In our example, the following table shows the drive count as we added drives over the six month period of observation:
When you total up the number of drive days, you get 878,400, but the drive count at the end of the period of observation is 6,000. The drive days formula responds to the change in the number of drives over the period of observation, while the drive count formula responds only to the count at the end.
The failure rate of 0.93% from the drive count formula is significantly lower, which is nice if you are a drive manufacturer, but not correct for how drives are actually integrated and used in our environment. That’s why Backblaze chooses to use the drive days method as it better fits the reality of how our business operates.
Predictions from Q1 2019
In the Q1 2019 Hard Drive Stats review we made a few hard drive-related predictions of things that would happen by the end of 2019. Let’s see how we did.
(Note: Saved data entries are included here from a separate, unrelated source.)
theorem lemmaA1:
  fixes f :: "real \<Rightarrow> real" and \<phi> :: "'n::euclidean_space \<Rightarrow> real"
    and c_phi r0 theta p l :: real and F E :: "'n set"
  assumes "DIM('n) \<ge> 2"
    and "Ha f"
    and "anisotropy \<phi>"
    and "c_phi > 0" and "\<forall>\<xi>. c_phi * norm \<xi> \<le> polar \<phi> \<xi>"
    and "r0 > 0" and "theta > 0"
    and "F \<in> classS_star"
    and "\<forall>x\<in>frontier F. \<forall>r\<in>{0<..r0}.
           perimeter_in F (ball x r) \<ge> ennreal (theta * r ^ (DIM('n) - 1))"
    and "E \<in> sets lebesgue"
    and "p > 0" and "l > 0"
  shows "let c = 10 ^ DIM('n) * measure lebesgue (ball (0::'n) 1) / (c_phi * theta);
             n = DIM('n);
             I = ennreal (1 / f p) * (\<integral>\<^sup>+ x \<in> (E - F) \<union> (F - E). f_dist f F l x \<partial>lebesgue)
         in (l > r0 \<and> p * l > r0 \<longrightarrow>
               emeasure lebesgue ((E - F) \<union> (F - E))
                 \<le> ennreal (c * p ^ n * l ^ n / r0 ^ (n - 1)) * aniso_perimeter \<phi> F + I)
          \<and> (l \<le> r0 \<and> p * l > r0 \<longrightarrow>
               emeasure lebesgue ((E - F) \<union> (F - E))
                 \<le> ennreal (c * p ^ n * l) * aniso_perimeter \<phi> F + I)
          \<and> (p * l \<le> r0 \<longrightarrow>
               emeasure lebesgue ((E - F) \<union> (F - E))
                 \<le> ennreal (c * p * l) * aniso_perimeter \<phi> F + I)"
proof -
  define c where "c = 10 ^ DIM('n) * measure lebesgue (ball (0::'n) 1) / (c_phi * theta)"
  have dens: "perimeter_density_bound F r0 theta"
    using assms(9) unfolding perimeter_density_bound_def .
  have D: "(E - F) \<union> (F - E) \<in> sets lebesgue"
    using assms(8,10) unfolding classS_star_def classS_def by auto
  note estimate = emeasure_le_aniso_perimeter_plus_f_dist_integral[OF assms(3-5,8) dens
      assms(7) _ _ _ D assms(2,11,12), folded c_def]
  have c: "c \<ge> 0" using assms(4,7) unfolding c_def by simp
  have "0 < p * l" using assms(11,12) by simp
  moreover have "c * (p * l) ^ DIM('n) / (p * l) ^ (DIM('n) - 1) = c * p * l"
  proof -
    have "(p * l) ^ DIM('n) / (p * l) ^ (DIM('n) - 1) = p * l"
      using calculation by (subst power_diff) (auto simp: Suc_leI DIM_positive)
    then show ?thesis by (metis mult.assoc times_divide_eq_right)
  qed
  moreover have "c * (p * l) ^ DIM('n) / r0 ^ (DIM('n) - 1) \<le> c * p ^ DIM('n) * l" if "l \<le> r0"
    using mult_left_mono[OF power_divide_power_le[of p l r0 "DIM('n)"] c] assms(11,12) that
    by (simp add: mult.assoc)
  ultimately show ?thesis
    unfolding Let_def c_def[symmetric] using assms(6) estimate
    by (auto simp: power_mult_distrib mult.assoc)
qed

end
Prediction: Backblaze will continue to migrate out 4TB drives and will have fewer than 15,000 by the end of 2019: we currently have about 35,000.
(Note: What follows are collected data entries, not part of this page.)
lemma mod_eq_diff_bounds:
  fixes p p' q r :: nat
  assumes "p < p'" "p' < q * r" "p mod r = p' mod r"
  shows "r \<le> p' - p" and "r \<le> q * r - (p' - p)"
proof -
  have "r dvd p' - p"
    using assms(1,3) mod_eq_dvd_iff_nat[of p p' r] by simp
  then show "r \<le> p' - p"
    using assms(1) by (simp add: dvd_imp_le)
  have "p' div r < q"
    using assms(2) by (simp add: less_mult_imp_div_less)
  then have "p' div r * r + r \<le> q * r"
    by (metis add.commute mult_Suc mult_le_mono1 Suc_leI)
  moreover have "p = p div r * r + p' mod r" "p' = p' div r * r + p' mod r"
    using div_mult_mod_eq[of p r] div_mult_mod_eq[of p' r] assms(3) by simp_all
  ultimately show "r \<le> q * r - (p' - p)"
    by linarith
qed

lemma card_residue_class:
  fixes r q c :: nat
  assumes "c < r"
  shows "card {p. p < q * r \<and> p mod r = c} = q"
proof -
  have "{p. p < q * r \<and> p mod r = c} = (\<lambda>k. c + k * r) ` {..<q}"
  proof (intro equalityI subsetI)
    fix p assume "p \<in> {p. p < q * r \<and> p mod r = c}"
    then have "p = c + p div r * r" "p div r < q"
      by (auto simp: less_mult_imp_div_less)
    then show "p \<in> (\<lambda>k. c + k * r) ` {..<q}" by blast
  next
    fix p assume "p \<in> (\<lambda>k. c + k * r) ` {..<q}"
    then obtain k where "k < q" "p = c + k * r" by blast
    moreover have "c + k * r < q * r" if "k < q"
    proof -
      have "Suc k * r \<le> q * r"
        using that by (intro mult_le_mono1) simp
      then show ?thesis
        using assms by simp
    qed
    ultimately show "p \<in> {p. p < q * r \<and> p mod r = c}"
      using assms by simp
  qed
  moreover have "inj_on (\<lambda>k. c + k * r) {..<q}"
    using assms by (intro inj_onI) simp
  ultimately show ?thesis
    by (simp add: card_image)
qed

definition arc :: "nat list \<Rightarrow> nat \<Rightarrow> nat \<Rightarrow> nat set" where
  "arc xs i k = {xs ! ((i + j) mod length xs) | j. j < k}"

lemma cyc_interval_iff_arc:
  "cyc_interval xs S \<longleftrightarrow> (\<exists>i < length xs. \<exists>k \<le> length xs. S = arc xs i k)"
  by (simp add: cyc_interval_def arc_def)

lemma arc_eq_set_take_rotate:
  assumes "k \<le> length xs"
  shows "arc xs i k = set (take k (rotate i xs))"
  using assms by (force simp: arc_def set_conv_nth nth_rotate)

lemma card_arc:
  assumes "distinct xs" "k \<le> length xs"
  shows "card (arc xs i k) = k"
  using assms by (simp add: arc_eq_set_take_rotate distinct_card)

lemma arc_disjoint:
  assumes "distinct xs" "x + k \<le> y" "y + k \<le> x + length xs"
  shows "arc xs x k \<inter> arc xs y k = {}"
proof -
  let ?ys = "rotate x xs"
  have "take k (rotate y xs) = take k (drop (y - x) ?ys)"
    using assms(2,3) take_rotate_eq_take_drop[of "y - x" k ?ys] by (simp add: rotate_rotate)
  moreover have "set (take k ?ys) \<inter> set (drop (y - x) ?ys) = {}"
    using assms by (intro set_take_disj_set_drop_if_distinct) auto
  ultimately show ?thesis
    using assms by (auto simp: arc_eq_set_take_rotate dest: in_set_takeD)
qed

definition residue_arcs :: "nat list \<Rightarrow> nat \<Rightarrow> nat set \<Rightarrow> nat \<Rightarrow> nat set set" where
  "residue_arcs xs r E c =
     (\<lambda>p. arc xs (sorted_list_of_set E ! p) r) ` {p. p < card E \<and> p mod r = c}"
- Reality: 4TB drive count as of December 31, 2019: 34,908.
- Review: We were too busy adding drives to migrate any.
Prediction: We will have installed at least twenty 20TB drives for testing purposes.
- Reality: We have zero 20TB drives.
- Review: We have not been offered any 20TB drives to test or otherwise.
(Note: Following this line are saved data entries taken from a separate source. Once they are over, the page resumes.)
lemma radix_code_inj:
  assumes "\<forall>n\<in>set L. d n < I n" "\<forall>n\<in>set L. d' n < I n" "radix_code I L d = radix_code I L d'"
  shows "\<forall>n\<in>set L. d n = d' n"
  using assms
proof (induction L)
  case Nil
  then show ?case by simp
next
  case (Cons n L)
  then have digits: "\<forall>m\<in>set L. d m < I m" "\<forall>m\<in>set L. d' m < I m"
    by auto
  let ?P = "\<Prod>m\<leftarrow>L. I m"
  have "d n = radix_code I (n # L) d div ?P"
    by (rule radix_code_Cons_div_mod(1)[OF digits(1), symmetric])
  also have "\<dots> = radix_code I (n # L) d' div ?P"
    using Cons.prems(3) by (rule arg_cong)
  also have "\<dots> = d' n"
    by (rule radix_code_Cons_div_mod(1)[OF digits(2)])
  finally have "d n = d' n" .
  have "radix_code I L d = radix_code I (n # L) d mod ?P"
    by (rule radix_code_Cons_div_mod(2)[OF digits(1), symmetric])
  also have "\<dots> = radix_code I (n # L) d' mod ?P"
    using Cons.prems(3) by (rule arg_cong)
  also have "\<dots> = radix_code I L d'"
    by (rule radix_code_Cons_div_mod(2)[OF digits(2)])
  finally have "\<forall>m\<in>set L. d m = d' m"
    by (rule Cons.IH[OF digits])
  with \<open>d n = d' n\<close> show ?case
    by simp
qed

lemma radix_code_surj:
  assumes "distinct L" "c < (\<Prod>m\<leftarrow>L. I m)"
  shows "\<exists>d. (\<forall>n\<in>set L. d n < I n) \<and> radix_code I L d = c"
  using assms
proof (induction L arbitrary: c)
  case Nil
  then show ?case by simp
next
  case (Cons n L)
  let ?P = "\<Prod>m\<leftarrow>L. I m"
  have "?P > 0"
    using Cons.prems by (auto intro: Nat.gr0I)
  then obtain d where d: "\<forall>m\<in>set L. d m < I m" "radix_code I L d = c mod ?P"
    using Cons.IH[of "c mod ?P"] Cons.prems by auto
  have "c div ?P < I n"
    using Cons.prems by (simp add: less_mult_imp_div_less mult.commute)
  moreover have "radix_code I L (d(n := c div ?P)) = radix_code I L d"
    using Cons.prems by (intro radix_code_cong) auto
  ultimately have "(\<forall>m\<in>set (n # L). (d(n := c div ?P)) m < I m) \<and>
      radix_code I (n # L) (d(n := c div ?P)) = c"
    using d by simp
  then show ?case by blast
qed

lemma khatri_rao_list_radix_code:
  assumes "\<forall>n\<in>set L. d n < I n"
  shows "khatri_rao_list (map (\<lambda>n. (B n, I n)) L) (radix_code I L d) j = (\<Prod>n\<leftarrow>L. B n (d n) j)"
  using assms
proof (induction L)
  case Nil
  then show ?case by simp
next
  case (Cons n L)
  have "(\<Prod>x\<leftarrow>map (\<lambda>n. (B n, I n)) L. snd x) = (\<Prod>m\<leftarrow>L. I m)"
    by (simp add: o_def)
  then show ?case
    using Cons radix_code_Cons_div_mod[of L d I n] by (simp add: khatri_rao_def)
qed

lemma prod_list_modes_except:
  "(\<Prod>m\<leftarrow>rev (filter (\<lambda>n. n \<noteq> t) [0..<N]). f m) = (\<Prod>m\<in>{..<N} - {t}. f m)"
proof -
  have "(\<Prod>m\<in>set (filter (\<lambda>n. n \<noteq> t) [0..<N]). f m) =
      (\<Prod>m\<leftarrow>filter (\<lambda>n. n \<noteq> t) [0..<N]. f m)"
    by (rule prod.distinct_set_conv_list) simp
  moreover have "set (filter (\<lambda>n. n \<noteq> t) [0..<N]) = {..<N} - {t}"
    by auto
  ultimately show ?thesis
    by (simp add: rev_map[symmetric])
qed

lemma mat_col_eq_radix_code:
  "mat_col N I t is = radix_code I (rev (filter (\<lambda>n. n \<noteq> t) [0..<N])) (\<lambda>n. is ! n)"
proof (induction N)
  case 0
  then show ?case by (simp add: mat_col_def)
next
  case (Suc N)
  show ?case
  proof (cases "N = t")
    case True
    then have "{..<Suc N} - {t} = {..<N} - {t}"
      by auto
    then show ?thesis
      using Suc True by (simp add: mat_col_def)
  next
    case False
    then have "{..<Suc N} - {t} = insert N ({..<N} - {t})"
      by auto
    then show ?thesis
      using Suc False by (simp add: mat_col_def prod_list_modes_except)
  qed
qed

lemma mat_col_bij_betw:
  assumes "t < N" "p < I t"
  shows "bij_betw (mat_col N I t) {is \<in> tidx N I. is ! t = p} {..<\<Prod>j\<in>{..<N} - {t}. I j}"
proof -
  define L where "L = rev (filter (\<lambda>n. n \<noteq> t) [0..<N])"
  have set_L: "set L = {..<N} - {t}" and "distinct L"
    unfolding L_def by auto
  have codes: "mat_col N I t xs = radix_code I L (\<lambda>n. xs ! n)" for xs
    unfolding L_def by (rule mat_col_eq_radix_code)
  have size: "(\<Prod>j\<in>{..<N} - {t}. I j) = (\<Prod>m\<leftarrow>L. I m)"
    unfolding L_def by (rule prod_list_modes_except[symmetric])
  have digits: "\<forall>n\<in>set L. xs ! n < I n" if "xs \<in> tidx N I" for xs
    using that set_L by (auto simp: tidx_def)
  show ?thesis
  proof (rule bij_betw_imageI)
    show "inj_on (mat_col N I t) {is \<in> tidx N I. is ! t = p}"
    proof (rule inj_onI)
      fix xs ys
      assume xs: "xs \<in> {is \<in> tidx N I. is ! t = p}" and ys: "ys \<in> {is \<in> tidx N I. is ! t = p}"
        and "mat_col N I t xs = mat_col N I t ys"
      then have "\<forall>n\<in>set L. xs ! n = ys ! n"
        using radix_code_inj[OF digits digits] by (simp add: codes)
      moreover have "length xs = N" "length ys = N" "xs ! t = ys ! t"
        using xs ys by (auto simp: tidx_def)
      ultimately show "xs = ys"
        using set_L by (intro nth_equalityI) (simp, metis Diff_iff lessThan_iff singletonD)
    qed
    show "mat_col N I t ` {is \<in> tidx N I. is ! t = p} = {..<\<Prod>j\<in>{..<N} - {t}. I j}"
    proof (intro equalityI subsetI)
      fix c
      assume "c \<in> mat_col N I t ` {is \<in> tidx N I. is ! t = p}"
      then obtain xs where "xs \<in> tidx N I" "c = radix_code I L (\<lambda>n. xs ! n)"
        by (auto simp: codes)
      then show "c \<in> {..<\<Prod>j\<in>{..<N} - {t}. I j}"
        using radix_code_less[OF digits] by (simp add: size)
    next
      fix c
      assume "c \<in> {..<\<Prod>j\<in>{..<N} - {t}. I j}"
      then obtain d where d: "\<forall>n\<in>set L. d n < I n" "radix_code I L d = c"
        using radix_code_surj[OF \<open>distinct L\<close>] size by auto
      define xs where "xs = map (\<lambda>n. if n = t then p else d n) [0..<N]"
      have "xs \<in> {is \<in> tidx N I. is ! t = p}"
        using d(1) set_L assms by (auto simp: xs_def tidx_def)
      moreover have "mat_col N I t xs = c"
        unfolding codes d(2)[symmetric] using set_L by (intro radix_code_cong) (auto simp: xs_def)
      ultimately show "c \<in> mat_col N I t ` {is \<in> tidx N I. is ! t = p}"
        by blast
    qed
  qed
qed

lemma matricize_mat_col:
  assumes "t < N" "p < I t" "is \<in> tidx N I" "is ! t = p"
  shows "matricize N I t Y p (mat_col N I t is) = Y is"
proof -
  have "(THE js. js \<in> tidx N I \<and> js ! t = p \<and> mat_col N I t js = mat_col N I t is) = is"
    using bij_betw_imp_inj_on[OF mat_col_bij_betw[of t N p I, OF assms(1,2)]] assms(3,4)
    by (intro the_equality) (auto dest: inj_onD)
  then show ?thesis
    unfolding matricize_def by simp
qed

lemma kr_except_mat_col:
  assumes "is \<in> tidx N I"
  shows "kr_except N I sig A t (mat_col N I t is) j = (\<Prod>m\<in>{..<N} - {t}. A (sig m) (is ! m) j)"
proof -
  have "\<forall>n\<in>set (rev (filter (\<lambda>n. n \<noteq> t) [0..<N])). is ! n < I n"
    using assms by (auto simp: tidx_def)
  then show ?thesis
    by (simp add: kr_except_def mat_col_eq_radix_code khatri_rao_list_radix_code prod_list_modes_except)
qed

definition slice_contraction ::
  "nat \<Rightarrow> (nat \<Rightarrow> nat) \<Rightarrow> (nat \<Rightarrow> nat) \<Rightarrow> (nat \<Rightarrow> nat \<Rightarrow> nat \<Rightarrow> real) \<Rightarrow> (nat list \<Rightarrow> real)
     \<Rightarrow> nat \<Rightarrow> nat \<Rightarrow> nat \<Rightarrow> real" where
  "slice_contraction N I sig A Y t p q =
     (\<Sum>is | is \<in> tidx N I \<and> is ! t = p. Y is * (\<Prod>m\<in>{..<N} - {t}. A (sig m) (is ! m) q))"

lemma matmul_matricize_kr_except:
  assumes "t < N" "p < I t"
  shows "matmul (\<Prod>j\<in>{..<N} - {t}. I j) (matricize N I t Y) (kr_except N I sig A t) p q =
    slice_contraction N I sig A Y t p q"
proof -
  have "matmul (\<Prod>j\<in>{..<N} - {t}. I j) (matricize N I t Y) (kr_except N I sig A t) p q =
    (\<Sum>is | is \<in> tidx N I \<and> is ! t = p.
       matricize N I t Y p (mat_col N I t is) * kr_except N I sig A t (mat_col N I t is) q)"
    unfolding matmul_def
    by (rule sum.reindex_bij_betw[OF mat_col_bij_betw[of t N p I, OF assms], symmetric])
  also have "\<dots> = slice_contraction N I sig A Y t p q"
    unfolding slice_contraction_def
    using assms by (intro sum.cong refl) (simp add: matricize_mat_col kr_except_mat_col)
  finally show ?thesis .
qed

lemma matmul_diag_mat: "q < r \<Longrightarrow> matmul r P (diag_mat v) p q = P p q * v q"
  by (simp add: matmul_def diag_mat_def if_distrib[of "(*) _"] cong: if_cong)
- Reality: We announced one exabyte in March of 2020, just past the end of 2019.
- Review: To quote Maxwell Smart, “Missed it by that much.”
Prediction: We will have installed, for testing purposes, at least 1 HAMR based drive from Seagate and/or 1 MAMR drive from Western Digital.
- Reality: Not a sniff of HAMR or MAMR drives.
- Review: Hopefully by the end of 2020.
In summary, I think I’ll go back to my hard drive statistics and leave the prognosticating to soothsayers and divining rods.
Lifetime Hard Drive Stats
The table below shows the lifetime failure rates for the hard drive models we had in service as of March 31, 2020. The reporting period is from April 2013 through December 31, 2019. All of the drives listed were installed during this timeframe.
The Hard Drive Stats Data
The complete data set used to create the information used in this review is available on our Hard Drive Test Data webpage. You can download and use this data for free for your own purpose. All we ask are three things: 1) You cite Backblaze as the source if you use the data, 2) You accept that you are solely responsible for how you use the data, and 3) You do not sell this data to anyone—it is free.
If you just want the summarized data used to create the tables and charts in this blog post you can download the ZIP file containing the MS Excel spreadsheet.
Good luck and let us know if you find anything interesting.